MATERIALS AND METHODS
This prospective intervention study was conducted between September 2003 and May 2005 in the 4th University Department of Obstetrics and Gynaecology, Aristotle University of Thessaloniki, Greece. We enrolled in the study 41 Caucasian symptomatic premenopausal women attending the outpatient clinic having no more than two leiomyomata of at least 35 mm diameter. A total of 45 leiomyomata were finally assessed. Excluded from the study were women with neoplastic, metabolic, endocrine, renal, liver, hematologic, and infectious diseases; history of acute, recurrent, or past thromboembolic disease; history of osteopenia or osteoporosis; current or previous use of drugs interfering with bone metabolism; or presence of hypoechoic or calcified leiomyomata detected at ultrasonography or magnetic resonance imaging scan. In addition, patients requiring or requesting immediate surgical treatment and women with a desire for childbearing in the next year were not included. Prior hormonal therapy had to be completed at least 6 months before trial entry. All participants underwent dilation and curettage before entering the study. Endometrial pathology as documented by endometrial biopsy was also considered an exclusion criterion. None of the women studied entered menopause 1 year after the end of the trial. At trial entry all women were prescribed anastrazole (Arimidex, Astra-Zeneca, Maccelsfield, UK), 1 mg daily for three 28-day cycles. Women were instructed to ensure adequate dietary calcium intake and agreed to use barrier contraception.

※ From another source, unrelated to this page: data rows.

(* Let $X(t)=\sum_{k=1}^{N(t)}X_k$ be a compound Poisson process with rate $\lambda>0$ and iid symmetric jumps $X_k$, and $S_k=X_1+\dots+X_k$. Then for all $u>0$, $$P\Big(\sup_{0\le t\le1}X(t)>u\Big)\le2P(X(1)>u)-D(u),$$ where $$D(u)=e^{-\lambda}\Big[\lambda P(X_1>u)+\sum_{n=2}^\infty\frac{\lambda^n}{n!}P\Big(\max_{1\le k\le n-1}S_k\le u,\ S_n>u\Big)\Big].$$ *)

theory Defs
  imports "HOL-Probability.Probability"
begin

definition partial_sum :: "(nat \<Rightarrow> 'a \<Rightarrow> real) \<Rightarrow> nat \<Rightarrow> 'a \<Rightarrow> real" where
  "partial_sum X k \<omega> = (\<Sum>i=1..k. X i \<omega>)"

definition arrival :: "(nat \<Rightarrow> 'a \<Rightarrow> real) \<Rightarrow> nat \<Rightarrow> 'a \<Rightarrow> real" where
  "arrival T n \<omega> = (\<Sum>i=1..n. T i \<omega>)"

text \<open>Counting process N(t) = number of arrivals in [0,t]; with iid Exp(lambda)
  inter-arrival times this is a Poisson process of rate lambda.\<close>
definition counting :: "(nat \<Rightarrow> 'a \<Rightarrow> real) \<Rightarrow> real \<Rightarrow> 'a \<Rightarrow> nat" where
  "counting T t \<omega> = card {n. 1 \<le> n \<and> arrival T n \<omega> \<le> t}"

definition compound :: "(nat \<Rightarrow> 'a \<Rightarrow> real) \<Rightarrow> (nat \<Rightarrow> 'a \<Rightarrow> real) \<Rightarrow> real \<Rightarrow> 'a \<Rightarrow> real" where
  "compound T X t \<omega> = partial_sum X (counting T t \<omega>) \<omega>"

end

theory Submission
  imports Defs
begin

(* Proof idea (a reflection principle for the compound Poisson process).
   Let N = N(1) and let hits_by n be the event that one of the walk values
   S_1, ..., S_n exceeds u.  Almost surely X has finitely many jumps in [0,1], so the
   supremum of X on [0,1] exceeds u only if the walk exceeds u at one of the first N
   steps.  The event {N = n} is independent of the jumps and has probability
   pois n = e^{-l} l^n / n!, so by total probability
       P(sup X > u) <= sum_n pois n * P(hits_by n),  P(X(1) > u) = sum_n pois n * P(S_n > u).
   For fixed n, splitting hits_by n by the first passage time k of the walk over u and
   reflecting the increment S_n - S_k (symmetric, and independent of the passage event)
   gives the discrete reflection inequality
       P(hits_by n) <= 2 P(S_n > u) - P(first passage at time n),
   and the Poisson mixture of the first-passage probabilities is exactly D(u). *)

section \<open>General facts on independence and symmetry\<close>

text \<open>A coordinate projection on a product of Borel spaces is measurable, even for
  coordinates outside the index set (where all functions take the value undefined).
  This lets the measurability prover handle predicates on finite blocks of variables.\<close>
lemma measurable_coordinate_PiM_borel [measurable]:
  "(\<lambda>f. f i) \<in> measurable (PiM A (\<lambda>_. borel)) (borel :: 'b::topological_space measure)"
proof (cases "i \<in> A")
  case True
  then show ?thesis by (rule measurable_component_singleton)
next
  case False
  have undef: "\<And>w. w \<in> space (PiM A (\<lambda>_. borel::'b measure)) \<Longrightarrow> w i = undefined"
    using False unfolding space_PiM by (rule_tac PiE_arb) auto
  show ?thesis unfolding measurable_def
  proof (intro CollectI conjI ballI)
    fix y :: "'b set"
    have "(\<lambda>f. f i) -` y \<inter> space (PiM A (\<lambda>_. borel::'b measure))
        = (if undefined \<in> y then space (PiM A (\<lambda>_. borel::'b measure)) else {})"
      using undef by (auto; metis)
    then show "(\<lambda>f. f i) -` y \<inter> space (PiM A (\<lambda>_. borel::'b measure))
        \<in> sets (PiM A (\<lambda>_. borel::'b measure))" by simp
  qed auto
qed

lemma (in prob_space) block_event_sets:
  assumes Z: "\<And>i. i \<in> B \<Longrightarrow> Z i \<in> borel_measurable M"
    and Q: "{f\<in>space (PiM B (\<lambda>_. borel)). Q f} \<in> sets (PiM B (\<lambda>_. borel))"
  shows "{\<omega>\<in>space M. Q (restrict (\<lambda>i. Z i \<omega>) B)} \<in> sets M"
proof -
  have V: "(\<lambda>\<omega>. restrict (\<lambda>i. Z i \<omega>) B) \<in> measurable M (PiM B (\<lambda>_. borel))"
    by (rule measurable_restrict) (rule Z)
  have "{\<omega>\<in>space M. Q (restrict (\<lambda>i. Z i \<omega>) B)}
      = (\<lambda>\<omega>. restrict (\<lambda>i. Z i \<omega>) B) -` {f\<in>space (PiM B (\<lambda>_. borel)). Q f} \<inter> space M"
    using measurable_space[OF V] by blast
  also have "\<dots> \<in> sets M" by (rule measurable_sets[OF V Q])
  finally show ?thesis .
qed

lemma (in prob_space) indep_blocks_prob:
  fixes Z :: "'i \<Rightarrow> 'a \<Rightarrow> real"
  assumes indep: "indep_vars (\<lambda>_. borel) Z I"
    and AB: "A \<inter> B = {}" "A \<subseteq> I" "B \<subseteq> I"
    and P: "{f\<in>space (PiM A (\<lambda>_. borel)). P f} \<in> sets (PiM A (\<lambda>_. borel))"
    and Q: "{f\<in>space (PiM B (\<lambda>_. borel)). Q f} \<in> sets (PiM B (\<lambda>_. borel))"
  shows "prob {\<omega>\<in>space M. P (restrict (\<lambda>i. Z i \<omega>) A) \<and> Q (restrict (\<lambda>i. Z i \<omega>) B)}
       = prob {\<omega>\<in>space M. P (restrict (\<lambda>i. Z i \<omega>) A)} * prob {\<omega>\<in>space M. Q (restrict (\<lambda>i. Z i \<omega>) B)}"
proof -
  define VA where "VA \<omega> = restrict (\<lambda>i. Z i \<omega>) A" for \<omega>
  define VB where "VB \<omega> = restrict (\<lambda>i. Z i \<omega>) B" for \<omega>
  have Z: "\<And>i. i \<in> I \<Longrightarrow> Z i \<in> borel_measurable M"
    using indep unfolding indep_vars_def by auto
  have ind: "indep_var (PiM A (\<lambda>_. borel)) VA (PiM B (\<lambda>_. borel)) VB"
    unfolding VA_def VB_def by (rule indep_var_restrict[OF indep AB])
  have sA: "\<And>\<omega>. \<omega> \<in> space M \<Longrightarrow> VA \<omega> \<in> space (PiM A (\<lambda>_. borel))"
    unfolding VA_def using AB Z by (intro measurable_space[OF measurable_restrict]) auto
  have sB: "\<And>\<omega>. \<omega> \<in> space M \<Longrightarrow> VB \<omega> \<in> space (PiM B (\<lambda>_. borel))"
    unfolding VB_def using AB Z by (intro measurable_space[OF measurable_restrict]) auto
  have "prob ((\<lambda>\<omega>. (VA \<omega>, VB \<omega>)) -` ({f\<in>space (PiM A (\<lambda>_. borel)). P f}
                                   \<times> {f\<in>space (PiM B (\<lambda>_. borel)). Q f}) \<inter> space M)
      = prob (VA -` {f\<in>space (PiM A (\<lambda>_. borel)). P f} \<inter> space M)
        * prob (VB -` {f\<in>space (PiM B (\<lambda>_. borel)). Q f} \<inter> space M)"
    by (rule indep_varD[OF ind P Q])
  moreover have "(\<lambda>\<omega>. (VA \<omega>, VB \<omega>)) -` ({f\<in>space (PiM A (\<lambda>_. borel)). P f}
                                   \<times> {f\<in>space (PiM B (\<lambda>_. borel)). Q f}) \<inter> space M
      = {\<omega>\<in>space M. P (VA \<omega>) \<and> Q (VB \<omega>)}"
    using sA sB by blast
  moreover have "VA -` {f\<in>space (PiM A (\<lambda>_. borel)). P f} \<inter> space M = {\<omega>\<in>space M. P (VA \<omega>)}"
    using sA by blast
  moreover have "VB -` {f\<in>space (PiM B (\<lambda>_. borel)). Q f} \<inter> space M = {\<omega>\<in>space M. Q (VB \<omega>)}"
    using sB by blast
  ultimately show ?thesis by (simp add: VA_def VB_def)
qed

lemma (in prob_space) symmetric_sum_of_indep:
  fixes W Y :: "'a \<Rightarrow> real"
  assumes ind: "indep_var borel W borel Y"
    and W[measurable]: "W \<in> borel_measurable M" and Y[measurable]: "Y \<in> borel_measurable M"
    and symW: "distr M borel (\<lambda>\<omega>. - W \<omega>) = distr M borel W"
    and symY: "distr M borel (\<lambda>\<omega>. - Y \<omega>) = distr M borel Y"
  shows "distr M borel (\<lambda>\<omega>. - (W \<omega> + Y \<omega>)) = distr M borel (\<lambda>\<omega>. W \<omega> + Y \<omega>)"
proof -
  have ind_neg: "indep_var borel (uminus \<circ> W) borel (uminus \<circ> Y)"
    by (rule indep_var_compose[OF ind]) auto
  have "distr M borel (\<lambda>\<omega>. - (W \<omega> + Y \<omega>))
      = distr (distr M (borel \<Otimes>\<^sub>M borel) (\<lambda>\<omega>. ((uminus \<circ> W) \<omega>, (uminus \<circ> Y) \<omega>))) borel (\<lambda>(a, b). a + b)"
    by (simp add: distr_distr comp_def)
  also have "\<dots> = distr (distr M borel (uminus \<circ> W) \<Otimes>\<^sub>M distr M borel (uminus \<circ> Y)) borel (\<lambda>(a, b). a + b)"
    using ind_neg unfolding indep_var_distribution_eq by simp
  also have "\<dots> = distr (distr M borel W \<Otimes>\<^sub>M distr M borel Y) borel (\<lambda>(a, b). a + b)"
    using symW symY by (simp add: comp_def)
  also have "\<dots> = distr (distr M (borel \<Otimes>\<^sub>M borel) (\<lambda>\<omega>. (W \<omega>, Y \<omega>))) borel (\<lambda>(a, b). a + b)"
    using ind unfolding indep_var_distribution_eq by simp
  also have "\<dots> = distr M borel (\<lambda>\<omega>. W \<omega> + Y \<omega>)"
    by (simp add: distr_distr comp_def)
  finally show ?thesis .
qed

The study protocol was in accordance with the latest revision of the Helsinki Declaration on human experimentation and was approved by the Scientific Committee of Hippokrates General Hospital. The aim and the potential risks were explained to all women before entering the study. All patients signed an informed consent.
Number, size, and location of leiomyomata, uterine size, and endometrial thickness were assessed either by ultrasonography or by magnetic resonance imaging at the beginning of the study, at the end of the first treatment cycle, and at the end of the third cycle. All ultrasound scans were performed by the first author using either a General Electric Logiq 400 Pro (GE Healthcare Ultrasound, Solingen, Germany) equipped with a broadband 4.5–9 MHz transvaginal probe and a 2–5 MHz abdominal probe with harmonic imaging or a Siemens Sonoline SI 450 (Tokyo, Japan) real-time scan system equipped with a high definition endocavity probe 5–7.5 MHz and a 3.5 MHz abdominal probe. Magnetic resonance imaging scans were performed using a Siemens Vision 1.5 (1.5 tesla) by an experienced operator who was unaware of the treatment protocol.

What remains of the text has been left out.